Два «Мерседеса», «Ауди» и «Опель-Вектра» остановились на вымощенной булыжником улице. Головная машина пробега — «Опель-Вектра» — победно просигналила, и из-за руля выбрался Виталик Езерский.
— Феликс, — закричал он так, что его, наверное, услышали в самом дальнем доме деревни. — Феликс, слышишь?
Колчанов подошел к воротам и устало произнес:
— Ну чего тебе?
А из машин тем временем уже выходили люди. Среди них было несколько знакомых Феликсу валютчиков из бригады Езерского и четверо каких-то не особенно симпатичных типов. Одеты они были в костюмы, но более привычной для них наверняка являлась форма.
— Я твой должник! — крикнул Виталик, бросаясь к Феликсу и тут же представляя его приехавшим: — Мой лучший друг Феликс Колчанов. А это — все мои друзья.
— Тоже лучшие? — не без издевки спросил Феликс у приятеля.
— Лучшие. Но ты — самый лучший, — Виталик был уже немного навеселе.

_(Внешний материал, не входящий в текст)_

lemma fsym_l2_diagonal_block:
  assumes J: "fsym_l2 J" and T: "\<And>v. J (delta_seq k v) = delta_seq k (T v)"
  shows "fsym_N T" "\<And>x. x \<in> l2 \<Longrightarrow> J x k = T (x k)"
proof -
  have Tv: "T v = J (delta_seq k v) k" for v
    using T by (simp add: delta_seq_def)
  have selfadjoint: "cinner (T v) w = cinner v (T w)" for v w
    using fsym_l2_selfadjoint[OF J delta_seq_l2 delta_seq_l2, of k v k w]
    by (simp add: l2inner_delta_seq_right l2inner_delta_seq_left Tv)
  have add: "T (v + w) = T v + T w" for v w
  proof -
    have "delta_seq k (v + w) = (\<lambda>m. 1 *s delta_seq k v m + 1 *s delta_seq k w m)"
      by (auto simp: delta_seq_def)
    then show ?thesis
      unfolding Tv using fsym_l2_lincomb[OF J delta_seq_l2 delta_seq_l2, of 1 k v 1 k w] by simp
  qed
  have scalar: "T (c *s v) = c *s T v" for c v
  proof -
    have "delta_seq k (c *s v) = (\<lambda>m. c *s delta_seq k v m + 0 *s delta_seq k v m)"
      by (auto simp: delta_seq_def)
    then show ?thesis
      unfolding Tv using fsym_l2_lincomb[OF J delta_seq_l2 delta_seq_l2, of c k v 0 k v] by simp
  qed
  have "T (T v) = v" for v
    using fsym_l2_involution[OF J delta_seq_l2, of k v] by (simp add: T delta_seq_eq_iff)
  then show "fsym_N T"
    unfolding fsym_N_def using add scalar selfadjoint by blast
  show "J x k = T (x k)" if "x \<in> l2" for x
  proof (rule cinner_left_eqI)
    fix w
    have "cinner (J x k) w = l2inner (J x) (delta_seq k w)"
      by (simp add: l2inner_delta_seq_right)
    also have "\<dots> = l2inner x (J (delta_seq k w))"
      using J that by (simp add: fsym_l2_selfadjoint delta_seq_l2)
    also have "\<dots> = cinner (T (x k)) w"
      by (simp add: T l2inner_delta_seq_right selfadjoint)
    finally show "cinner (J x k) w = cinner (T (x k)) w" .
  qed
qed

lemma block_diagonal_commutes_S:
  assumes J: "fsym_l2 J" and "fsym_N Jm" "fsym_N Jp"
    and block: "\<forall>x\<in>l2. \<forall>k. J x k = (if k \<le> 0 then Jm (x k) else Jp (x k))"
  shows "commutes_S J"
proof -
  define B where "B = (\<lambda>k::int. if k \<le> 0 then Jm else Jp)"
  have B: "fsym_N (B k)" for k using assms(2,3) unfolding B_def by simp
  have JB: "J x k = B k (x k)" if "x \<in> l2" for x k using block that unfolding B_def by simp
  have "J u \<in> domS \<and> J (opS u) = opS (J u)" if "u \<in> domS" for u
  proof -
    obtain x where x: "x \<in> l2" "x 0 = 0" "u = diffseq x"
      using \<open>u \<in> domS\<close> unfolding domS_def by auto
    \<comment> \<open>B jumps only between indices 0 and 1, where x vanishes.\<close>
    have B_shift: "B k (x (k - 1)) = B (k - 1) (x (k - 1))" for k
    proof (cases "k = 1")
      case True
      then show ?thesis using x(2) fsym_N_zero[OF B] by simp
    qed (simp add: B_def)
    define y where "y = J x"
    have yk: "y k = B k (x k)" for k
      unfolding y_def using JB[OF x(1)] .
    have y: "y \<in> l2" "y 0 = 0"
      using fsym_l2_l2[OF J x(1)] x(2) fsym_N_zero[OF B] by (simp_all only: y_def[symmetric] yk)
    have Ju: "J u = diffseq y"
    proof (rule ext)
      fix k
      have "J u k = B k (diffseq x k)"
        unfolding x(3) by (rule JB[OF diffseq_l2[OF x(1)]])
      also have "\<dots> = diffseq y k"
        unfolding diffseq_def fsym_N_diff[OF B] yk B_shift ..
      finally show "J u k = diffseq y k" .
    qed
    have "J (opS u) = opS (J u)"
    proof (rule ext)
      fix k
      have "J (opS u) k = B k (\<i> *s (x (k - 1) + x k))"
        unfolding x(3) opS_diffseq[OF x(1)] by (rule JB[OF l2_shift_sum[OF x(1)]])
      also have "\<dots> = opS (J u) k"
        unfolding Ju opS_diffseq[OF y(1)] fsym_N_add[OF B] fsym_N_scaleR[OF B] yk B_shift ..
      finally show "J (opS u) k = opS (J u) k" .
    qed
    moreover have "J u \<in> domS" unfolding domS_def using Ju y by blast
    ultimately show ?thesis by blast
  qed
  then show ?thesis unfolding commutes_S_def by blast
qed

Следом из машин вылезли девицы, насчет профессии которых никаких сомнений не возникало. Согласно местной традиции, на каждой из них было что-нибудь черное: юбка, блузка, а то и просто беретик.
«Проститутки среднего пошиба», — отметил про себя Феликс.
И только одна из девушек не подходила под это определение. Что-то знакомое виделось в ее лице.
— А это кто? — спросил хозяин у Виталика.
— Ты что, мою сестру не узнаешь? Марина, иди-ка сюда, покажись!
Та подошла и молча принялась разглядывать Колчанова, чуть склонив голову к плечу. Феликс почувствовал себя неуютно. Тут же вспомнился разговор с ее братом. Он посмотрел в глаза девушке со смешанным чувством.
В людях он разбирался отлично, с первого взгляда мог определить характер, понять, на что человек способен. Не хотелось даже думать об этой странной просьбе. Марина тоже о ней не напоминала.
— Представляешь себе, — продолжал тараторить Виталик, — все сегодня уладил, всех сегодня вытащил! Вот они помогли, ребята.
— Эти? — спросил хозяин.
— Они, родимые.
Феликс одну за другой пожимал потные ладони незнакомых гостей, понимая, что это то ли следователи, то ли какие-то чины из милиции, освободившие валютчиков, захваченных на рынке воронежским ОМОНом.
— А тех двоих мудаков обещали выгнать на хрен! — ликовал Виталик.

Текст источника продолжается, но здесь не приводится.